--- Aim of the exercise ---
From the records below, copy out exactly the lines from the one containing "- pd (\<lambda>v." to the one containing "pd (\<lambda>w'. pd", both included. Add nothing else.

(Stored items)
━━━━━━━━━━

(* Let $\mathcal{W}\subset\mathbb{R}^2$ be open with conformal metric $g=\lambda(x,y)(dx^2+dy^2)$, $\lambda>0$, and let $f:\mathbb{R}\to(0,\infty)$ be smooth. A graph $z=z(x,y)$ in $\mathcal{W}\times_f\mathbb{R}$ (metric $f(z)g+dz^2$), oriented by the upward unit normal, has extrinsic curvature $K_{\rm ext}$ if and only if $z$ satisfies $Ar+2Bs+Ct+rt-s^2=E$, where $p=z_x,q=z_y,r=z_{xx},s=z_{xy},t=z_{yy}$ and $A=\frac{p\lambda_x}{2\lambda}-\frac{q\lambda_y}{2\lambda}-\frac{q^2f'}{f}-\frac{f'}{2}\lambda$, $B=\frac{p\lambda_y}{2\lambda}+\frac{q\lambda_x}{2\lambda}+\frac{pqf'}{f}$, $C=-\frac{p\lambda_x}{2\lambda}+\frac{q\lambda_y}{2\lambda}-\frac{p^2f'}{f}-\frac{f'}{2}\lambda$, $E=K_{\rm ext}(f\lambda+p^2+q^2)^2-AC+B^2$, with $f,f'$ evaluated at $z$ and $\lambda$ at $(x,y)$. In particular $AC-B^2+E=K_{\rm ext}(f\lambda+p^2+q^2)^2$, so the equation is elliptic when $K_{\rm ext}>0$.
   Context: Extrinsic curvature $K_{\rm ext}=\det(II)/\det(I)$ for the graph in the warped product Riemannian 3-manifold. *)

theory Defs
  imports "HOL-Analysis.Analysis"
begin

definition pd :: "('a::real_normed_vector \<Rightarrow> 'b::real_normed_vector) \<Rightarrow> 'a \<Rightarrow> 'a \<Rightarrow> 'b" where
  "pd F u v = vector_derivative (\<lambda>h. F (u + h *\<^sub>R v)) (at 0)"

text \<open>Iterated partial derivatives along a list of directions (innermost = last).\<close>
fun iter_pd :: "'a::real_normed_vector list \<Rightarrow> ('a \<Rightarrow> 'b::real_normed_vector) \<Rightarrow> 'a \<Rightarrow> 'b" where
  "iter_pd [] F = F"
| "iter_pd (v # vs) F = (\<lambda>u. pd (iter_pd vs F) u v)"

definition Ck_on :: "nat \<Rightarrow> 'a::euclidean_space set \<Rightarrow> ('a \<Rightarrow> 'b::real_normed_vector) \<Rightarrow> bool" where
  "Ck_on k S F \<longleftrightarrow>
     (\<forall>vs. set vs \<subseteq> Basis \<and> length vs \<le> k \<longrightarrow> continuous_on S (iter_pd vs F)) \<and>
     (\<forall>vs. set vs \<subseteq> Basis \<and> length vs < k \<longrightarrow>
        (\<forall>v\<in>Basis. \<forall>u\<in>S. ((\<lambda>h. iter_pd vs F (u + h *\<^sub>R v)) has_vector_derivative iter_pd (v # vs) F u) (at 0)))"

definition smooth_on :: "'a::euclidean_space set \<Rightarrow> ('a \<Rightarrow> 'b::real_normed_vector) \<Rightarrow> bool" where
  "smooth_on S F \<longleftrightarrow> (\<forall>k. Ck_on k S F)"

text \<open>A Riemannian metric on (an open set of) R^3 in coordinates: u \<mapsto> matrix (g_ij(u)).\<close>
definition metric_inner :: "real^3^3 \<Rightarrow> real^3 \<Rightarrow> real^3 \<Rightarrow> real" where
  "metric_inner M a b = a \<bullet> (M *v b)"

text \<open>Christoffel symbols of the Levi-Civita connection: christoffel G u k i j = Gamma^k_ij(u).\<close>
definition christoffel :: "(real^3 \<Rightarrow> real^3^3) \<Rightarrow> real^3 \<Rightarrow> 3 \<Rightarrow> 3 \<Rightarrow> 3 \<Rightarrow> real" where
  "christoffel G u k i j = (1/2) * (\<Sum>l\<in>UNIV. matrix_inv (G u) $ k $ l *
      (pd (\<lambda>v. G v $ j $ l) u (axis i 1) + pd (\<lambda>v. G v $ i $ l) u (axis j 1)
       - pd (\<lambda>v. G v $ i $ j) u (axis l 1)))"

definition covd_tangent :: "(real^3 \<Rightarrow> real^3^3) \<Rightarrow> (real^2 \<Rightarrow> real^3) \<Rightarrow> real^2 \<Rightarrow> 2 \<Rightarrow> 2 \<Rightarrow> real^3" where
  "covd_tangent G X w i j =
     pd (\<lambda>w'. pd X w' (axis j 1)) w (axis i 1)
     + (\<chi> k. \<Sum>a\<in>UNIV. \<Sum>b\<in>UNIV. christoffel G (X w) k a b * (pd X w (axis i 1) $ a) * (pd X w (axis j 1) $ b))"

definition upward_normal :: "(real^3 \<Rightarrow> real^3^3) \<Rightarrow> (real^2 \<Rightarrow> real^3) \<Rightarrow> real^2 \<Rightarrow> real^3" where
  "upward_normal G X w = (THE N.
      metric_inner (G (X w)) N (pd X w (axis 1 1)) = 0 \<and>
      metric_inner (G (X w)) N (pd X w (axis 2 1)) = 0 \<and>
      metric_inner (G (X w)) N N = 1 \<and> N $ 3 > 0)"

definition first_ff :: "(real^3 \<Rightarrow> real^3^3) \<Rightarrow> (real^2 \<Rightarrow> real^3) \<Rightarrow> real^2 \<Rightarrow> real^2^2" where
  "first_ff G X w = (\<chi> i j. metric_inner (G (X w)) (pd X w (axis i 1)) (pd X w (axis j 1)))"

definition second_ff :: "(real^3 \<Rightarrow> real^3^3) \<Rightarrow> (real^2 \<Rightarrow> real^3) \<Rightarrow> real^2 \<Rightarrow> real^2^2" where
  "second_ff G X w = (\<chi> i j. metric_inner (G (X w)) (covd_tangent G X w i j) (upward_normal G X w))"

definition extrinsic_curvature :: "(real^3 \<Rightarrow> real^3^3) \<Rightarrow> (real^2 \<Rightarrow> real^3) \<Rightarrow> real^2 \<Rightarrow> real" where
  "extrinsic_curvature G X w = det (second_ff G X w) / det (first_ff G X w)"

definition warped_metric :: "(real^2 \<Rightarrow> real) \<Rightarrow> (real \<Rightarrow> real) \<Rightarrow> real^3 \<Rightarrow> real^3^3" where
  "warped_metric lam f u = (\<chi> i j. if i = j then (if i = 3 then 1 else f (u $ 3) * lam (vector [u $ 1, u $ 2])) else 0)"

definition graph_map :: "(real^2 \<Rightarrow> real) \<Rightarrow> real^2 \<Rightarrow> real^3" where
  "graph_map z w = vector [w $ 1, w $ 2, z w]"

end

theory Submission
  imports Defs
begin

━━━━━━━━━━

--- Answer to the exercise ---
       - pd (\<lambda>v. G v $ i $ j) u (axis l 1)))"

definition covd_tangent :: "(real^3 \<Rightarrow> real^3^3) \<Rightarrow> (real^2 \<Rightarrow> real^3) \<Rightarrow> real^2 \<Rightarrow> 2 \<Rightarrow> 2 \<Rightarrow> real^3" where
  "covd_tangent G X w i j =
     pd (\<lambda>w'. pd X w' (axis j 1)) w (axis i 1)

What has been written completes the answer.